# does the verb stánai [στάναι] exist?



## ricardo_arjona

Hi, everyone!

I was looking for the etymology of *apostasy* and all sources seem to agree that it comes from Greek *apo-* (_away, off, apart_) and *stánai*, meaning _to stand._ The thing is that Google translates _stand_ as _ίσταμαι_. So my question is, does _στάναι_ exist in Greek? If so, what does it mean?

Thanks!


----------



## Sinesio

Χαίρε!
Ίσταμαι is the present indicative, middle-passive form of the ancient Greek verb ίστημι. Ίστημι is the active form and means "I am putting", ίσταμαι is the middle-passive and means "I am standing"/ "I am being put". The present active infinitive of ίστημι is ιστάναι, that means "to stand"/"to put", the middle-passive infinitive is ίστασθαι. I think that στάναι could be a mistake for ιστάναι.
The word στάναι is an existing ancient Greek word. It is the aorist active infinitive form of ίστημι. The normal active aorist infinitive form is στήναι and means "the act of standing", but in some dialects of ancient Greek also στάναι is found with the same meaning. However, it seems more probable that in this case στάναι is only a mistake. In quotings from ancient Greek the present infinitive, and not the aorist, is usually quoted and the form στάναι is not a standard form (it is found only in a few inscriptions from peripheral regions and Plato and Aristotle would never have used it), so, in this case, στάναι is probably a mistake.
P. S. I apologise for making mistakes, but I'm not an English native speaker.


----------



## ricardo_arjona

Great explanation! Thanks so much for your time!


----------



## Sinesio

You're welcome!


----------



## fdb

It is wrong to say that apostasis derives from an infinitive.
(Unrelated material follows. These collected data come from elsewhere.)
(* Let $0=K^0<K^1<\cdots<K^N$ and $0=T_0<T_1<\cdots<T_M$, and let $C_j^i$ ($j=1,\dots,M$, $i=0,\dots,N$) be real numbers. With $dC_j^i:=\frac{C_j^{i+1}-C_j^i}{K^{i+1}-K^i}$ for $i=0,\dots,N-1$ and $dC_j^N:=0$, assume for every $j=1,\dots,M$: $C_j^0=1$; $dC_j^0=-1$; $C_j^N=0$; $dC_j^{i-1}\le dC_j^{i}$ for $i=1,\dots,N$; and $C_j^i\le C_{j+1}^i$ for all $i$ and $j=1,\dots,M-1$. For $j=1,\dots,M$ let $\bar C_j(K):=dC_j^i(K-K^{i+1})+C_j^{i+1}$ for $K^i\le K<K^{i+1}$ ($i=0,\dots,N-1$) and $\bar C_j(K):=0$ for $K\ge K^N$; let $\bar C_0(K):=(1-K)^+$. For $j=0,\dots,M-1$ let $\alpha_j:[T_j,T_{j+1}]\to[0,1]$ be non-decreasing with $\alpha_j(T_j)=0$, $\alpha_j(T_{j+1})=1$, and set $\bar C(T,K):=\alpha_j(T)\bar C_{j+1}(K)+(1-\alpha_j(T))\bar C_j(K)$ for $T\in[T_j,T_{j+1}]$, $K\ge 0$. Then $\bar C$ is an arbitrage-free call price surface on $[0,T_M]\times[0,\infty)$.
   Context: A function $C:\mathcal T\times[0,\infty)\to[0,\infty)$, with $\mathcal T\subseteq[0,\infty)$ an interval containing $0$, is an arbitrage-free call price surface on $\mathcal T\times[0,\infty)$ if there exist a probability measure $\mathbb P$ and a $\mathbb P$-martingale $(Z_T)_{T\in\mathcal T}$ with $Z_0=1$ a.s. and $Z_T>0$ a.s. for all $T$, such that $C(T,K)=\mathbb E_{\mathbb P}[(Z_T-K)^+]$ for all $T\in\mathcal T$, $K\ge0$. *)

theory Defs
  imports "HOL-Probability.Probability"
begin

definition is_filtration ::
  "'a measure \<Rightarrow> real set \<Rightarrow> (real \<Rightarrow> 'a measure) \<Rightarrow> bool" where
  "is_filtration M TT F \<longleftrightarrow>
     (\<forall>t\<in>TT. subalgebra M (F t)) \<and>
     (\<forall>s\<in>TT. \<forall>t\<in>TT. s \<le> t \<longrightarrow> sets (F s) \<subseteq> sets (F t))"

definition is_martingale ::
  "'a measure \<Rightarrow> real set \<Rightarrow> (real \<Rightarrow> 'a measure) \<Rightarrow> (real \<Rightarrow> 'a \<Rightarrow> real) \<Rightarrow> bool" where
  "is_martingale M TT F Z \<longleftrightarrow>
     is_filtration M TT F \<and>
     (\<forall>t\<in>TT. integrable M (Z t) \<and> Z t \<in> borel_measurable (F t)) \<and>
     (\<forall>s\<in>TT. \<forall>t\<in>TT. s \<le> t \<longrightarrow>
        (AE \<omega> in M. real_cond_exp M (F s) (Z t) \<omega> = Z s \<omega>))"

text \<open>Arbitrage-free call price surface on TT x [0,oo).  The sample space is the
  path space real => real (rich enough to carry the canonical version of any
  real process indexed by reals).\<close>
definition arbitrage_free_call_surface ::
  "real set \<Rightarrow> (real \<Rightarrow> real \<Rightarrow> real) \<Rightarrow> bool" where
  "arbitrage_free_call_surface TT C \<longleftrightarrow>
     (\<exists>(P :: (real \<Rightarrow> real) measure) F Z.
        prob_space P \<and> is_martingale P TT F Z \<and>
        (AE \<omega> in P. Z 0 \<omega> = 1) \<and>
        (\<forall>t\<in>TT. AE \<omega> in P. Z t \<omega> > 0) \<and>
        (\<forall>t\<in>TT. \<forall>k\<ge>0. C t k = (\<integral>\<omega>. max (Z t \<omega> - k) 0 \<partial>P)))"

definition dC :: "nat \<Rightarrow> (nat \<Rightarrow> real) \<Rightarrow> (nat \<Rightarrow> nat \<Rightarrow> real) \<Rightarrow> nat \<Rightarrow> nat \<Rightarrow> real" where
  "dC N Ks C j i = (if i < N then (C j (Suc i) - C j i) / (Ks (Suc i) - Ks i) else 0)"

definition Cbar :: "nat \<Rightarrow> (nat \<Rightarrow> real) \<Rightarrow> (nat \<Rightarrow> nat \<Rightarrow> real) \<Rightarrow> nat \<Rightarrow> real \<Rightarrow> real" where
  "Cbar N Ks C j x =
     (if j = 0 then max (1 - x) 0
      else if (\<exists>i<N. Ks i \<le> x \<and> x < Ks (Suc i)) then
        (let i = (THE i. i < N \<and> Ks i \<le> x \<and> x < Ks (Suc i))
         in dC N Ks C j i * (x - Ks (Suc i)) + C j (Suc i))
      else 0)"

end

theory Submission
  imports Defs
begin

(*
  Each slice Cbar_j, j >= 1, is the call price function k |-> E (Y - k)^+ of the law mu_j on the
  strike grid that puts the slope increment dC_j^i - dC_j^(i-1) on K^i: convexity makes these
  weights nonnegative, dC_j^0 = -1 makes them sum to one, and C_j^0 = 1 says that mu_j has mean one;
  Cbar_0 belongs to the Dirac mass at 1.  Calendar monotonicity C_j <= C_(j+1) on the grid says that
  mu_j precedes mu_(j+1) in convex order, so a discrete Strassen theorem yields martingale kernels
  from mu_j to mu_(j+1).  It is proved by repeatedly splitting an atom that lies strictly between two
  strikes at which the call prices already agree, raising the call prices of mu_j towards those of
  mu_(j+1) without overshooting.  Chaining the kernels gives a martingale 1 = Y_0, Y_1, ..., Y_M.
  With an independent uniform U, the price Z_t := Y_(j+1) if U < alpha_j(t) and Z_t := Y_j otherwise
  (t in [T_j, T_(j+1)]) samples Y at an index that is nondecreasing in t, so Z is a martingale for
  the filtration of the stopped path, and
  E (Z_t - k)^+ = alpha_j(t) Cbar_(j+1)(k) + (1 - alpha_j(t)) Cbar_j(k).
*)

section \<open>Call prices of finitely supported distributions\<close>

lemma integral_bind_pmf_finite:
  fixes f :: "'b \<Rightarrow> real"
  assumes fin: "finite (set_pmf M)" and finN: "\<And>x. x \<in> set_pmf M \<Longrightarrow> finite (set_pmf (N x))"
  shows "(\<integral>y. f y \<partial>bind_pmf M N) = (\<integral>x. (\<integral>y. f y \<partial>N x) \<partial>M)"
proof -
  let ?A = "set_pmf (bind_pmf M N)"
  have finA: "finite ?A" using fin finN by simp
  have "(\<integral>y. f y \<partial>bind_pmf M N) = (\<Sum>y\<in>?A. f y * pmf (bind_pmf M N) y)"
    by (rule integral_measure_pmf_real[OF finA]) auto
  also have "\<dots> = (\<Sum>y\<in>?A. \<Sum>x\<in>set_pmf M. f y * pmf (N x) y * pmf M x)"
    by (intro sum.cong refl, subst pmf_bind, subst integral_measure_pmf_real[OF fin])
      (auto simp: sum_distrib_left mult_ac)
  also have "\<dots> = (\<Sum>x\<in>set_pmf M. (\<Sum>y\<in>?A. f y * pmf (N x) y) * pmf M x)"
    by (subst sum.swap) (simp add: sum_distrib_right)
  also have "\<dots> = (\<Sum>x\<in>set_pmf M. (\<integral>y. f y \<partial>N x) * pmf M x)"
    by (intro sum.cong refl arg_cong2[where f = "(*)"] integral_measure_pmf_real[OF finA, symmetric])
      auto
  also have "\<dots> = (\<integral>x. (\<integral>y. f y \<partial>N x) \<partial>M)"
    by (rule integral_measure_pmf_real[OF fin, symmetric]) auto
  finally show ?thesis .
qed

lemma pmf_eq_integral_indicator: "pmf p z = (\<integral>y. indicator {z} y \<partial>measure_pmf p)"
  by (subst integral_measure_pmf_real[of "{z}"]) (auto split: split_indicator_asm)

lemma obtain_interpolation_weight:
  fixes a b c :: real
  assumes "a < c" "c < b"
  obtains w where "0 < w" "w < 1" "c = w * a + (1 - w) * b"
proof
  define w where "w = (b - c) / (b - a)"
  show "0 < w" "w < 1" using assms by (auto simp: w_def)
  have "w * (b - a) = b - c" using assms by (simp add: w_def)
  then show "c = w * a + (1 - w) * b" by (simp add: algebra_simps)
qed

lemma max_0_convex:
  fixes u v w :: real
  assumes "0 \<le> w" "w \<le> 1"
  shows "max (w * u + (1 - w) * v) 0 \<le> w * max u 0 + (1 - w) * max v 0"
proof -
  have "w * u \<le> w * max u 0" "(1 - w) * v \<le> (1 - w) * max v 0"
    using assms by (simp_all add: mult_left_mono)
  then show ?thesis using assms by simp
qed

lemma max_0_affine:
  fixes u v w :: real
  assumes "0 \<le> w" "w \<le> 1" "0 \<le> u * v"
  shows "max (w * u + (1 - w) * v) 0 = w * max u 0 + (1 - w) * max v 0"
proof (cases "0 \<le> u \<and> 0 \<le> v")
  case True
  then show ?thesis using assms by simp
next
  case False
  then have "u \<le> 0" "v \<le> 0" using assms(3) zero_le_mult_iff by auto
  then have "w * u \<le> 0" "(1 - w) * v \<le> 0" using assms by (simp_all add: mult_nonneg_nonpos)
  then show ?thesis using \<open>u \<le> 0\<close> \<open>v \<le> 0\<close> by simp
qed

lemma max_0_strictly_convex:
  fixes u v w :: real
  assumes "0 < w" "w < 1" "u * v < 0"
  shows "max (w * u + (1 - w) * v) 0 < w * max u 0 + (1 - w) * max v 0"
proof -
  have "u < 0 \<and> 0 < v \<or> v < 0 \<and> 0 < u" using assms(3) by (auto simp: mult_less_0_iff)
  then show ?thesis using assms by (auto simp: max_def mult_pos_neg)
qed

definition call_price :: "real pmf \<Rightarrow> real \<Rightarrow> real" where
  "call_price p k = (\<integral>y. max (y - k) 0 \<partial>measure_pmf p)"

lemma call_price_convex:
  assumes fin: "finite (set_pmf p)" and w: "0 \<le> w" "w \<le> 1"
  shows "call_price p (w * a + (1 - w) * b) \<le> w * call_price p a + (1 - w) * call_price p b"
proof -
  have "call_price p (w * a + (1 - w) * b) = (\<integral>y. max (w * (y - a) + (1 - w) * (y - b)) 0 \<partial>p)"
    unfolding call_price_def by (simp add: algebra_simps)
  also have "\<dots> \<le> (\<integral>y. w * max (y - a) 0 + (1 - w) * max (y - b) 0 \<partial>p)"
    using fin w by (intro integral_mono max_0_convex integrable_measure_pmf_finite)
  also have "\<dots> = w * call_price p a + (1 - w) * call_price p b"
    using fin by (simp add: call_price_def integrable_measure_pmf_finite)
  finally show ?thesis .
qed

lemma call_price_affine:
  assumes fin: "finite (set_pmf p)" and w: "0 \<le> w" "w \<le> 1" and "a \<le> b"
    and gap: "\<And>y. y \<in> set_pmf p \<Longrightarrow> y \<le> a \<or> b \<le> y"
  shows "call_price p (w * a + (1 - w) * b) = w * call_price p a + (1 - w) * call_price p b"
proof -
  have "call_price p (w * a + (1 - w) * b) = (\<integral>y. max (w * (y - a) + (1 - w) * (y - b)) 0 \<partial>p)"
    unfolding call_price_def by (simp add: algebra_simps)
  also have "\<dots> = (\<integral>y. w * max (y - a) 0 + (1 - w) * max (y - b) 0 \<partial>p)"
  proof (intro integral_cong_AE AE_pmfI max_0_affine w)
    fix y assume "y \<in> set_pmf p"
    then have "y \<le> a \<or> b \<le> y" by (rule gap)
    then show "0 \<le> (y - a) * (y - b)"
      using \<open>a \<le> b\<close> by (auto intro: mult_nonpos_nonpos)
  qed simp_all
  also have "\<dots> = w * call_price p a + (1 - w) * call_price p b"
    using fin by (simp add: call_price_def integrable_measure_pmf_finite)
  finally show ?thesis .
qed

section \<open>Martingale transport on a strike grid\<close>

definition spread_kernel :: "real \<Rightarrow> real \<Rightarrow> real \<Rightarrow> real \<Rightarrow> real \<Rightarrow> real pmf" where
  "spread_kernel \<theta> w a b y =
     (if y = w * a + (1 - w) * b
      then bind_pmf (bernoulli_pmf \<theta>)
             (\<lambda>move. if move then map_pmf (\<lambda>left. if left then a else b) (bernoulli_pmf w)
                      else return_pmf y)
      else return_pmf y)"

lemma set_spread_kernel: "set_pmf (spread_kernel \<theta> w a b y) \<subseteq> {a, b, y}"
  by (auto simp: spread_kernel_def split: if_splits)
It derives from the noun stasis “standing”, which is from the root sta-, which also underlies the verb histēmi.


----------



## sotos

When i shaw the title of the tread, I thought it's about the new Gr.  στάνη (sheeps shed or pen). Plural "katherevousa" (if it exists) should be στάναι. Probably relevant as "sheeps station".


----------



## Sinesio

Yes, you're right. Aπόστασις comes from ἀπό and the verbal noun στάσις. My point was that in this case στάναι is probably a mistake for ἱστάναι.


----------



## Perseas

fdb said:


> It is wrong to say that apostasis derives from an infinitive.


I agree. In addition, in Greek  we call a verb by its 1st person singular present indicative form, e.g. we say the verb "λύω" or "δύναμαι".
On the other hand, (I think) in English & German we refer to its infinitive: the verb "to go", "nennen".


----------